İki kişinin sohbetine üçüncü bir kişi katıldığında sorduğu ilk soru;

"Ne konuşuyorsunuz?" olur genelde.

Genelde verilen cevap ise;

"Hiç, havadan sudan işte" dir.

"Öylesine laflıyoruz, konuştuklarımız önemli şeyler değil." denmek istenir.

Bu sözü aslında hepimiz kullanıyoruz hem de hiç düşünmeden hoyratça. Önemsizliği, hiçliği, öylesineliği anlatacak başka kelimeler yokmuşçasına. Ne kadar da kolay çıkıyor ağzımızdan öyle "havadan sudan"

Bize sınırsızca bahşedilen yaşam kaynaklarımızın hem gerçek kullanımında hem de sözel kullanımında ne kadar sorumsuzca davranıyoruz. Aldığımız her nefes, içtiğimiz her damla su paha biçilmez bir nimetken.

Oysaki şöyle adamakıllı oturup düşündüğümüzde, hava ve suyun bize hesapsızca üstelik de bedava verilen yaşam kaynaklarımız olduğunu görürüz.

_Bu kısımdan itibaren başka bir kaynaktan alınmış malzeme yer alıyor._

(* Let $(M,d)$ be a compact metric space, $\varphi:M\to M$ continuous, and $\mathcal G=\{G_n\}_{n\ge1}\subset B(M)$. If $\mathcal G$ satisfies any of the following, it is asymptotically additive: (1) $G_n=S_nG$ for all $n$ with $G\in C(M)$; (2) $G_n=S_nG$ for all $n$ with $G\in B(M)$, and $\mathcal G$ has tempered variation; (3) $\mathcal G$ is weakly almost additive and $G_n\in C(M)$ for each $n$; (4) $\mathcal G$ is weakly almost additive and has tempered variation. If $\mathcal G\subset C(M)$, then asymptotic additivity of $\mathcal G$ is equivalent to: (5) $\lim_{k\to\infty}\limsup_{n\to\infty}n^{-1}\|G_n-k^{-1}S_nG_k\|_\infty=0$. For $\mathcal G\subset B(M)$, each of the following is equivalent to asymptotic additivity of $\mathcal G$: (6) $\mathcal G$ has tempered variation and satisfies the relation in (5); (7) $\mathcal G$ has tempered variation and there is $\{G^{(k)}\}\subset B(M)$ with $\lim_k\limsup_nn^{-1}\|G_n-S_nG^{(k)}\|_\infty=0$; (8) there is $\{G^{(k)}\}\subset B(M)$ with $\lim_k\limsup_nn^{-1}\|G_n-S_nG^{(k)}\|_\infty=0$ and $\lim_{k\to\infty}\lim_{\epsilon\downarrow0}\limsup_{n\to\infty}\sup_{x\in M}\sup_{y,z\in B_n(x,\epsilon)}\frac1n|S_nG^{(k)}(y)-S_nG^{(k)}(z)|=0$.
   Context: $C(M)$ (resp. $B(M)$): real continuous (resp. bounded Borel) functions on $M$, $\|f\|_\infty=\sup|f|$. $S_nG=\sum_{k=0}^{n-1}G\circ\varphi^k$. $B_n(x,\epsilon)=\{y:d(\varphi^ky,\varphi^kx)<\epsilon,\ 0\le k\le n-1\}$. $\mathcal G$ is asymptotically additive if there is $\{G^{(k)}\}\subset C(M)$ with $\lim_k\limsup_nn^{-1}\|G_n-S_nG^{(k)}\|_\infty=0$. Tempered variation: $\lim_{\epsilon\downarrow0}\limsup_{n\to\infty}\sup_{x\in M}\sup_{y,z\in B_n(x,\epsilon)}\frac1n|G_n(y)-G_n(z)|=0$. Weakly almost additive: there is a real sequence $\{C_n\}$ with $C_n/n\to0$ and $-C_m+G_m+G_n\circ\varphi^m\le G_{m+n}\le C_m+G_m+G_n\circ\varphi^m$ for all $m,n\ge1$. *)

theory Defs
  imports "HOL-Analysis.Analysis"
begin

text \<open>The compact metric space M is the whole carrier type 'a.\<close>

definition birkhoff_sum :: "('a \<Rightarrow> 'a) \<Rightarrow> ('a \<Rightarrow> real) \<Rightarrow> nat \<Rightarrow> 'a \<Rightarrow> real" where
  "birkhoff_sum \<phi> g n x = (\<Sum>k<n. g ((\<phi> ^^ k) x))"

definition bowen_ball :: "('a::metric_space \<Rightarrow> 'a) \<Rightarrow> nat \<Rightarrow> 'a \<Rightarrow> real \<Rightarrow> 'a set" where
  "bowen_ball \<phi> n x \<epsilon> = {y. \<forall>k<n. dist ((\<phi> ^^ k) y) ((\<phi> ^^ k) x) < \<epsilon>}"

definition bfun :: "('a::metric_space \<Rightarrow> real) \<Rightarrow> bool" where
  "bfun f \<longleftrightarrow> f \<in> borel_measurable borel \<and> bounded (range f)"

definition supnorm :: "('a \<Rightarrow> real) \<Rightarrow> real" where
  "supnorm f = (SUP x. \<bar>f x\<bar>)"

definition var_n :: "('a::metric_space \<Rightarrow> 'a) \<Rightarrow> (nat \<Rightarrow> 'a \<Rightarrow> real) \<Rightarrow> nat \<Rightarrow> real \<Rightarrow> ereal" where
  "var_n \<phi> F n \<epsilon> = (SUP x. SUP y\<in>bowen_ball \<phi> n x \<epsilon>. SUP z\<in>bowen_ball \<phi> n x \<epsilon>.
      ereal (\<bar>F n y - F n z\<bar> / real n))"

definition tempered_variation :: "('a::metric_space \<Rightarrow> 'a) \<Rightarrow> (nat \<Rightarrow> 'a \<Rightarrow> real) \<Rightarrow> bool" where
  "tempered_variation \<phi> F \<longleftrightarrow> ((\<lambda>\<epsilon>. limsup (\<lambda>n. var_n \<phi> F n \<epsilon>)) \<longlongrightarrow> 0) (at_right 0)"

definition asymp_approx :: "('a \<Rightarrow> 'a) \<Rightarrow> (nat \<Rightarrow> 'a \<Rightarrow> real) \<Rightarrow> (nat \<Rightarrow> 'a \<Rightarrow> real) \<Rightarrow> bool" where
  "asymp_approx \<phi> G Gk \<longleftrightarrow>
     (\<lambda>k. limsup (\<lambda>n. ereal (supnorm (\<lambda>x. G n x - birkhoff_sum \<phi> (Gk k) n x) / real n)))
       \<longlonglongrightarrow> 0"

definition asymptotically_additive :: "('a::metric_space \<Rightarrow> 'a) \<Rightarrow> (nat \<Rightarrow> 'a \<Rightarrow> real) \<Rightarrow> bool" where
  "asymptotically_additive \<phi> G \<longleftrightarrow>
     (\<exists>Gk. (\<forall>k. continuous_on UNIV (Gk k)) \<and> asymp_approx \<phi> G Gk)"

definition weakly_almost_additive :: "('a \<Rightarrow> 'a) \<Rightarrow> (nat \<Rightarrow> 'a \<Rightarrow> real) \<Rightarrow> bool" where
  "weakly_almost_additive \<phi> G \<longleftrightarrow>
     (\<exists>C :: nat \<Rightarrow> real. (\<lambda>n. C n / real n) \<longlonglongrightarrow> 0 \<and>
        (\<forall>m\<ge>1. \<forall>n\<ge>1. \<forall>x.
           - C m + G m x + G n ((\<phi> ^^ m) x) \<le> G (m + n) x \<and>
           G (m + n) x \<le> C m + G m x + G n ((\<phi> ^^ m) x)))"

Beyine sadece 5 dakika oksijen gitmediğinde ölümün bizi yakalayacağını, bir yudum su için bir tas elması vereceğimizi aklımıza getirirsek eğer, hava ve suyun hiç de önemsiz olmadığını kavrayabiliriz aslında.

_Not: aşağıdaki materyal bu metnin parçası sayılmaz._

lemma norm_at_0_le_quadrature_Taylor:
  fixes Dg :: "nat \<Rightarrow> real \<Rightarrow> 'a::banach"
  assumes p: "p > 0" and y: "0 \<le> y" "y * real p ^ 2 \<le> D"
    and der: "\<And>m x. m < p \<Longrightarrow> x \<in> {0..D} \<Longrightarrow>
        (Dg m has_vector_derivative Dg (Suc m) x) (at x within {0..D})"
    and bnd: "\<And>x. x \<in> {0..D} \<Longrightarrow> norm (Dg p x) \<le> M"
  shows "norm (Dg 0 0) \<le>
    (\<Sum>j=1..p. quad_weight p j * (norm (Dg 0 (y * real j ^ 2)) + M * (y * real j ^ 2) ^ p / fact p))"
proof -
  define T where "T = (\<lambda>t::real. \<Sum>i<p. (t ^ i) *\<^sub>R ((1 / fact i) *\<^sub>R Dg i 0))"
  have "T 0 = (\<Sum>i<p. (if i = 0 then Dg 0 0 else 0))"
    unfolding T_def by (intro sum.cong refl) (auto simp: zero_power)
  also have "\<dots> = Dg 0 0" using p by (simp add: sum.delta')
  finally have T0: "T 0 = Dg 0 0" .
  have Taylor: "norm (T (y * real j ^ 2)) \<le> norm (Dg 0 (y * real j ^ 2)) + M * (y * real j ^ 2) ^ p / fact p"
    if j: "j \<in> {1..p}" for j
  proof -
    have "real j ^ 2 \<le> real p ^ 2" using j by (intro power_mono) auto
    then have "y * real j ^ 2 \<le> D" using y by (meson mult_left_mono order_trans)
    then have "norm (Dg 0 (y * real j ^ 2) - T (y * real j ^ 2)) \<le> M * (y * real j ^ 2) ^ p / fact p"
      unfolding T_def using norm_Taylor_remainder_le[OF p _ _ der bnd] y by simp
    then show ?thesis
      using norm_triangle_ineq2[of "T (y * real j ^ 2)" "Dg 0 (y * real j ^ 2)"]
      by (simp add: norm_minus_commute)
  qed
  have "norm (Dg 0 0) \<le> (\<Sum>j=1..p. quad_weight p j * norm (T (y * real j ^ 2)))"
    unfolding T0[symmetric] T_def by (rule norm_poly_at_0_le_quadrature)
  also have "\<dots> \<le> (\<Sum>j=1..p. quad_weight p j *
      (norm (Dg 0 (y * real j ^ 2)) + M * (y * real j ^ 2) ^ p / fact p))"
    by (intro sum_mono mult_left_mono quad_weight_nonneg Taylor)
  finally show ?thesis .
qed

Düşünsenize, bir insanın günde ortalama 23 bin kez nefes aldığını ve aldığı her nefes karşılığında ücret ödemek zorunda olduğunu ve bu nefesi birilerinin elinde tuttuğunu.

Sizce ne kadar servet eder? Buna güç yetebilir mi? Birilerine bağımlı nefes alıyor olmak ne kadar dehşet verici? Yaşam kaynağınızın can sıkıldığında kesilebileceğini tahayyül etmek bile kabus gibi değil mi?

Dünyayı yavaş yavaş küresel ısınma kuşatmaya başlamışken, kuraklıklar her geçen gün artıyorken, su kaynakları tükenmeye başlamışken ve ilerleyen zamanlarda su savaşlarının çıkma ihtimali yükseliyorken, içtiğimiz ve de günlük yaşamda sorumsuzca kullandığımız suya bari sözel hakaret etmeyelim.

Ve yine aynı şekilde, delinen ozon tabakasının gittikçe büyüdüğünü, dünyanın dört bir yanındaki savaşlarda patlayan bombalardan, yıkılan binaların tozundan nefes alınamadığını bütün benliğimizde hissedip saçmayalım havaya havayı.

Bütün bu artışlar hızla devam edip, birgün havasızlığı ve susuzluğu yaşamaya başladığımızda utanmamak için bence hep havadan sudan konuşulmalı aslında.